As illustrated in FIG. 15, the printer 1 moves the first wiper 60A from the non-contact position to the contact position. Note that the second wiper 60B is maintained at the non-contact position. When the first wiper 60A moves upward from the non-contact position toward the contact position, the first wiper 60A passes through the liquid surface of the cleaning fluid. In a state in which the first wiper 60A is positioned at the contact position and is not in contact with the nozzle surface 58A, a position H1, in the up-down direction, of the nozzle surface 58A, a position H2, in the up-down direction, of the leading end of the first wiper 60A, and a position H3, in the up-down direction, of the lower end of the absorption body 72 are aligned in order from below. Even if the absorption body 72 is in a state of having absorbed liquid, the positional relationship of the positions H1, H2, and H3 does not change.

As illustrated in FIG. 16, the printer 1 moves the carriage 30 to the right (an arrow Y23). In the course of the movement of the carriage 30, the first heads 3A passes over the first wiper 60A that is at the contact position. The first wiper 60A comes into contact with the nozzle surface 58A in the order of the first foam wiper 62A and the first rubber wiper 63A. The first wiper 60A wipes the nozzle surface 58A from the right to the left.

As illustrated in FIG. 17, after wiping the nozzle surface 58A, the printer 1 moves the first wiper 60A from the contact position to the non-contact position. When the first wiper 60A moves downward from the contact position toward the non-contact position, the first wiper 60A passes through the liquid surface of the cleaning fluid. The printer 1 moves the second wiper 60B from the non-contact position to the contact position. When the second wiper 60B moves upward from the non-contact position to the contact position, the second wiper 60B passes through the liquid surface of the cleaning fluid.

As illustrated in FIG. 18, the printer 1 moves the carriage 30 to the right (an arrow Y51). In the course of the movement of the carriage 30, the second heads 3B passes over the second wiper 60B that is at the contact position. The second wiper 60B comes into contact with the nozzle surface 58B in the order of the second foam wiper 62B and the second rubber wiper 63B. The second wiper 60B wipes the nozzle surface 58B from the right to the left.

As illustrated in FIG. 19, after wiping the nozzle surface 58B, the printer 1 moves the second wiper 60B from the contact position to the non-contact position.

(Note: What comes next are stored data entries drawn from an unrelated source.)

(* Let $p$ be a prime, $q=p^l$, $m\ge1$, $n=2m$. Let $r=\rho(q-1)$ with $0\leqslant\rho\leqslant n-1$ and $\rho=2\rho'$ even, and let $I\subseteq M_r$ with $\{0,2\}\cap I=\{0\}$. Let $V$ be an $\mathbb{F}_q$-subspace of $\mathbb{F}_{q^n}$ of dimension $n-\rho$ over $\mathbb{F}_q$ which is not an $\mathbb{F}_{q^2}$-subspace of dimension $m-\rho'$ over $\mathbb{F}_{q^2}$, and let $\lambda\in\mathbb{F}_q^*$. Then the vector $x=(x_g)_{g\in\mathbb{F}_{q^n}^*}$ with $x_g=\lambda$ for $g\in V\setminus\{0\}$ and $x_g=0$ otherwise does not belong to $\mathcal{C}_q(r,I,n)^*$.
   Context: Let $N=q^n-1$ and $\alpha$ a primitive element of $\mathbb{F}_{q^n}$. Every integer $0\le u\le q^n-1$ is written $u=\sum_{i=0}^{n-1}u_iq^i$, $u_i\in\{0,\dots,q-1\}$; $\mathrm{wt}_q(u)=\sum u_i$, $O(u)=\sum_{i\text{ odd}}u_i$, $E(u)=\sum_{i\text{ even}}u_i$. For $-1\le r<n(q-1)$, $Z_r=\{\alpha^u\mid 0<u\le q^n-1,\ \mathrm{wt}_q(u)\le n(q-1)-r-1\}$. For $0\le r\le n(q-1)$ and integer $k\ge0$, $\Theta^{(r)}_k=\{\alpha^u\mid 0\le u\le q^n-1,\ \mathrm{wt}_q(u)=n(q-1)-r,\ |O(u)-E(u)|=k\}$. $M_r$ is the set of even (resp. odd) integers $k\in[0,m(q-1)]$ when $r$ is even (resp. odd). For $I\subseteq M_r$: $\overline I=M_r\setminus I$, $Z_{r,I}=Z_r\cup\bigcup_{k\in\overline I}\Theta^{(r)}_k$. $\mathcal{C}_q(r,I,n)^*$ is the cyclic code of length $N$ over $\mathbb{F}_q$ with coordinates indexed by $\mathbb{F}_{q^n}^*$ consisting of all $x=(x_g)$ with $\sum_g x_g g^{u}=0$ for every $u\in[1,N]$ with $\alpha^u\in Z_{r,I}$. *)

theory Defs
  imports Main "HOL-Computational_Algebra.Primes"
begin

definition digit :: "nat \<Rightarrow> nat \<Rightarrow> nat \<Rightarrow> nat" where
  "digit q u i = (u div q ^ i) mod q"

definition wt :: "nat \<Rightarrow> nat \<Rightarrow> nat \<Rightarrow> nat" where
  "wt q n u = (\<Sum>i<n. digit q u i)"

definition Osum :: "nat \<Rightarrow> nat \<Rightarrow> nat \<Rightarrow> nat" where
  "Osum q n u = (\<Sum>i\<in>{i. i < n \<and> odd i}. digit q u i)"

definition Esum :: "nat \<Rightarrow> nat \<Rightarrow> nat \<Rightarrow> nat" where
  "Esum q n u = (\<Sum>i\<in>{i. i < n \<and> even i}. digit q u i)"

text \<open>The subfield F_q of a finite field (of order a power of q): the roots of X^q - X.\<close>
definition Fsub :: "nat \<Rightarrow> 'a::field set" where
  "Fsub q = {x. x ^ q = x}"

definition primitive_elem :: "'a::field \<Rightarrow> bool" where
  "primitive_elem \<alpha> \<longleftrightarrow> \<alpha> \<noteq> 0 \<and> (\<forall>g. g \<noteq> 0 \<longrightarrow> (\<exists>i::nat. \<alpha> ^ i = g))"

definition subspace_over :: "'a::field set \<Rightarrow> 'a set \<Rightarrow> bool" where
  "subspace_over K V \<longleftrightarrow> 0 \<in> V \<and> (\<forall>x\<in>V. \<forall>y\<in>V. x + y \<in> V)
      \<and> (\<forall>c\<in>K. \<forall>x\<in>V. c * x \<in> V)"

definition dim_over :: "'a::field set \<Rightarrow> 'a set \<Rightarrow> nat \<Rightarrow> bool" where
  "dim_over K V d \<longleftrightarrow> subspace_over K V \<and>
     (\<exists>b :: nat \<Rightarrow> 'a. (\<forall>i<d. b i \<in> V)
        \<and> (\<forall>c. (\<forall>i<d. c i \<in> K) \<longrightarrow> (\<Sum>i<d. c i * b i) = 0 \<longrightarrow> (\<forall>i<d. c i = 0))
        \<and> (\<forall>v\<in>V. \<exists>c. (\<forall>i<d. c i \<in> K) \<and> v = (\<Sum>i<d. c i * b i)))"

definition Zr :: "nat \<Rightarrow> nat \<Rightarrow> 'a::field \<Rightarrow> int \<Rightarrow> 'a set" where
  "Zr q n \<alpha> r = {\<alpha> ^ u | u. 0 < u \<and> u \<le> q ^ n - 1
      \<and> int (wt q n u) \<le> int (n * (q - 1)) - r - 1}"

definition Theta :: "nat \<Rightarrow> nat \<Rightarrow> 'a::field \<Rightarrow> int \<Rightarrow> nat \<Rightarrow> 'a set" where
  "Theta q n \<alpha> r k = {\<alpha> ^ u | u. u \<le> q ^ n - 1
      \<and> int (wt q n u) = int (n * (q - 1)) - r
      \<and> \<bar>int (Osum q n u) - int (Esum q n u)\<bar> = int k}"

definition Mr :: "nat \<Rightarrow> nat \<Rightarrow> int \<Rightarrow> nat set" where
  "Mr q m r = {k. k \<le> m * (q - 1) \<and> (even (int k) \<longleftrightarrow> even r)}"

definition ZrI :: "nat \<Rightarrow> nat \<Rightarrow> nat \<Rightarrow> 'a::field \<Rightarrow> int \<Rightarrow> nat set \<Rightarrow> 'a set" where
  "ZrI q n m \<alpha> r I = Zr q n \<alpha> r \<union> (\<Union>k\<in>Mr q m r - I. Theta q n \<alpha> r k)"

text \<open>The code C_q(r,I,n)^*: words are functions on F_{q^n} whose coordinates at
  the nonzero elements lie in F_q (the coordinate at 0 is not a coordinate; fixed to 0).\<close>
definition code :: "nat \<Rightarrow> nat \<Rightarrow> nat \<Rightarrow> 'a::{finite,field} \<Rightarrow> int \<Rightarrow> nat set \<Rightarrow> ('a \<Rightarrow> 'a) set" where
  "code q n m \<alpha> r I = {x. x 0 = 0 \<and> (\<forall>g. g \<noteq> 0 \<longrightarrow> x g \<in> Fsub q) \<and>
      (\<forall>u\<in>{1..q ^ n - 1}. \<alpha> ^ u \<in> ZrI q n m \<alpha> r I \<longrightarrow>
          (\<Sum>g\<in>{g. g \<noteq> 0}. x g * g ^ u) = 0)}"

end

(* Let L(x) = \<Prod>g\<in>V. (x - g) = \<Sum>j\<le>k. c_j x^(q^j) be the subspace polynomial of the
   F_q-subspace V, of dimension k = n - \<rho>. If c_j vanished for all odd j, then L(a x) = a L(x) for
   every a in F_(q^2), so V would be an F_(q^2)-subspace, necessarily of dimension k/2 = m - \<rho>'.
   Hence some odd i < k has c_i \<noteq> 0. The power sums S_t = \<Sum>g\<in>V. g^t vanish for t < q^k - 1
   and S_(q^k - 1) \<noteq> 0; combined with \<Sum>g\<in>V. g^w L(g) = 0 this gives
   S_u = - c_i S_(q^k - 1) \<noteq> 0 for u = 2 q^k - q^i - 1. The exponent u has q-weight
   k (q - 1) = n (q - 1) - r and |O(u) - E(u)| = 2, so \<alpha>^u lies in Theta_2 with 2 \<notin> I; the
   parity check at u is c S_u \<noteq> 0. *)

theory Submission
  imports Defs "HOL-Computational_Algebra.Polynomial" "HOL-Number_Theory.Residues"
begin

lemma CHAR_eq_if_card_prime_power:
  assumes "prime p" "card (UNIV :: 'a::{finite,field} set) = p ^ N"
  shows "CHAR('a) = p"
proof -
  have "prime CHAR('a)"
    by (simp add: finite_imp_CHAR_pos prime_CHAR_semidom)
  moreover have "CHAR('a) dvd p ^ N"
    using CHAR_dvd_CARD[where 'a='a] assms(2) by simp
  ultimately show ?thesis
    using assms(1) prime_dvd_power primes_dvd_imp_eq by blast
qed

lemma frobenius_diff:
  assumes "prime CHAR('a::comm_ring_1)" "s = CHAR('a) ^ e"
  shows "(x - y :: 'a) ^ s = x ^ s - y ^ s"
  using freshmans_dream'[OF assms, of "x - y" y] by simp

definition is_subfield :: "'a::field set \<Rightarrow> bool" where
  "is_subfield K \<longleftrightarrow> 0 \<in> K \<and> 1 \<in> K \<and> (\<forall>x\<in>K. \<forall>y\<in>K. x + y \<in> K \<and> x * y \<in> K)
     \<and> (\<forall>x\<in>K. - x \<in> K \<and> inverse x \<in> K)"

lemma is_subfieldD:
  assumes "is_subfield K"
  shows "0 \<in> K" "1 \<in> K" "x \<in> K \<Longrightarrow> y \<in> K \<Longrightarrow> x + y \<in> K"
    "x \<in> K \<Longrightarrow> y \<in> K \<Longrightarrow> x * y \<in> K" "x \<in> K \<Longrightarrow> - x \<in> K"
    "x \<in> K \<Longrightarrow> inverse x \<in> K"
    "x \<in> K \<Longrightarrow> y \<in> K \<Longrightarrow> x - y \<in> K"
    "x \<in> K \<Longrightarrow> y \<in> K \<Longrightarrow> x / y \<in> K"
  using assms unfolding is_subfield_def diff_conv_add_uminus divide_inverse by blast+

lemma Fsub_is_subfield:
  assumes "prime CHAR('a::field)" "s = CHAR('a) ^ e"
  shows "is_subfield (Fsub s :: 'a set)"
proof -
  have "s > 0"
    using assms prime_gt_0_nat by simp
  moreover have "(- x) ^ s = - (x ^ s)" for x :: 'a
    using frobenius_diff[OF assms, of 0 x] \<open>s > 0\<close> by (simp add: power_0_left)
  ultimately show ?thesis
    unfolding is_subfield_def Fsub_def
    by (auto simp: freshmans_dream'[OF assms] power_mult_distrib power_inverse)
qed

lemma Fsub_power_power:
  assumes "a \<in> Fsub q"
  shows "a ^ (q ^ j) = a"
proof (induction j)
  case (Suc j)
  have "a ^ (q ^ Suc j) = (a ^ (q ^ j)) ^ q"
    by (simp add: power_mult[symmetric] mult.commute)
  with Suc assms show ?case
    by (simp add: Fsub_def)
qed simp

lemma period_ge_if_primitive_elem:
  fixes \<alpha> :: "'a::{finite,field}"
  assumes prim: "primitive_elem \<alpha>" and d: "d > 0" "\<alpha> ^ d = 1"
  shows "card (UNIV :: 'a set) - 1 \<le> d"
proof -
  have "UNIV - {0} \<subseteq> (\<lambda>i. \<alpha> ^ i) ` {..<d}"
  proof
    fix g :: 'a assume "g \<in> UNIV - {0}"
    then obtain i where "g = \<alpha> ^ i"
      using prim unfolding primitive_elem_def by auto
    also have "\<alpha> ^ i = (\<alpha> ^ d) ^ (i div d) * \<alpha> ^ (i mod d)"
      by (simp flip: power_mult power_add)
    finally show "g \<in> (\<lambda>i. \<alpha> ^ i) ` {..<d}"
      using d by auto
  qed
  then have "card (UNIV - {0 :: 'a}) \<le> card ((\<lambda>i. \<alpha> ^ i) ` {..<d})"
    by (intro card_mono) auto
  also have "\<dots> \<le> d"
    using card_image_le[of "{..<d}"] by simp
  finally show ?thesis
    by (simp add: card_Diff_singleton)
qed

lemma exists_period_le_card:
  fixes x :: "'a::{finite,field}"
  assumes "x \<noteq> 0"
  obtains d where "d > 0" "d \<le> card (UNIV :: 'a set) - 1" "x ^ d = 1"
proof -
  let ?N = "card (UNIV :: 'a set) - 1"
  have "\<not> inj_on (\<lambda>i. x ^ i) {..?N}"
  proof
    assume "inj_on (\<lambda>i. x ^ i) {..?N}"
    then have "card {..?N} \<le> card (UNIV - {0 :: 'a})"
      using assms by (intro card_inj_on_le) auto
    then show False
      by (simp add: card_Diff_singleton)
  qed
  then obtain i j where "i < j" "j \<le> ?N" "x ^ i = x ^ j"
    unfolding inj_on_def by (metis atMost_iff linorder_neqE_nat)
  with assms show ?thesis
    using that[of "j - i"] by (simp add: power_diff)
qed

lemma primitive_elem_power_eq_one_iff:
  fixes \<alpha> :: "'a::{finite,field}"
  assumes prim: "primitive_elem \<alpha>"
  shows "\<alpha> ^ e = 1 \<longleftrightarrow> (card (UNIV :: 'a set) - 1) dvd e"
proof -
  let ?N = "card (UNIV :: 'a set) - 1"
  define d where "d = (LEAST d. d > 0 \<and> \<alpha> ^ d = 1)"
  obtain d' where "d' > 0" "d' \<le> ?N" "\<alpha> ^ d' = 1"
    using exists_period_le_card prim unfolding primitive_elem_def by blast
  then have d: "d > 0" "\<alpha> ^ d = 1" "d \<le> ?N"
    unfolding d_def by (metis (mono_tags, lifting) LeastI Least_le le_trans)+
  then have "d = ?N"
    using period_ge_if_primitive_elem[OF prim] by (simp add: le_antisym)
  have "\<alpha> ^ e = (\<alpha> ^ d) ^ (e div d) * \<alpha> ^ (e mod d)"
    by (simp flip: power_mult power_add)
  then have "\<alpha> ^ e = \<alpha> ^ (e mod d)"
    using d(2) by simp
  moreover have "\<alpha> ^ (e mod d) \<noteq> 1" if "e mod d > 0"
    using that d(1) not_less_Least[of "e mod d" "\<lambda>d. d > 0 \<and> \<alpha> ^ d = 1"]
    unfolding d_def by auto
  ultimately show ?thesis
    using \<open>d = ?N\<close> by (metis dvd_eq_mod_eq_0 gr0I power_0)
qed

lemma inj_on_primitive_elem_power:
  fixes \<alpha> :: "'a::{finite,field}"
  assumes prim: "primitive_elem \<alpha>"
  shows "inj_on (\<lambda>i. \<alpha> ^ i) {..<card (UNIV :: 'a set) - 1}"
proof -
  let ?N = "card (UNIV :: 'a set) - 1"
  have "i = j" if "\<alpha> ^ i = \<alpha> ^ j" "i \<le> j" "j < ?N" for i j
  proof -
    have "\<alpha> ^ j = \<alpha> ^ i * \<alpha> ^ (j - i)"
      using that(2) by (simp flip: power_add)
    then have "?N dvd (j - i)"
      using that(1) prim primitive_elem_power_eq_one_iff[OF prim]
      unfolding primitive_elem_def by simp
    then show "i = j"
      using that(2,3) nat_dvd_not_less[of "j - i" ?N] by linarith
  qed
  then show ?thesis
    unfolding inj_on_def by (metis lessThan_iff nat_le_linear)
qed

lemma card_Fsub_le:
  assumes "s \<ge> 2"
  shows "card (Fsub s :: 'a::{finite,field} set) \<le> s"
proof -
  define P :: "'a poly" where "P = Polynomial.monom 1 s - [:0, 1:]"
  have "degree P = s"
    unfolding P_def diff_conv_add_uminus using assms
    by (subst degree_add_eq_left) (auto simp: degree_monom_eq)
  then have "P \<noteq> 0"
    using assms by auto
  moreover have "Fsub s = {x. poly P x = 0}"
    unfolding P_def Fsub_def by (auto simp: poly_monom)
  ultimately show ?thesis
    using card_poly_roots_bound \<open>degree P = s\<close> by metis
qed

When the second wiper 60B moves downward from the contact position toward the non-contact position, the second wiper 60B passes through the liquid surface of the cleaning fluid. The printer 1 stops the movement of the carriage 30.

Actions and Effects of Present Embodiment

The absorption fixture 7 is provided downward of the support plate 34. The absorption fixture 7 is exposed to the platen 12. The absorption fixture 7 is provided with the absorption body 72. The absorption body 72 has absorbent properties. The printer 1 can reduce the possibility of liquid falling onto the print medium placed on the platen 12, by the absorption body 72 absorbing the liquid (ink that has turned to mist, for example). Thus, the printer 1 can reduce the possibility of the print medium becoming contaminated.

The position in the up-down direction of the nozzle surfaces 57A, 57B, 58A, and 58B is a position lower than the position in the up-down direction of the support plate 34. The position H3, in the up-down direction, of the lower end of the absorption body 72 is positioned higher than the position H1, in the up-down direction, of the nozzle surfaces 57A, 57B, 58A, and 58B. Thus, the printer 1 can reduce the possibility of the ink discharged from the nozzles of the nozzle surfaces 57A, 57B, 58A, and 58B being absorbed by the absorption body 72 before attaching to the print medium.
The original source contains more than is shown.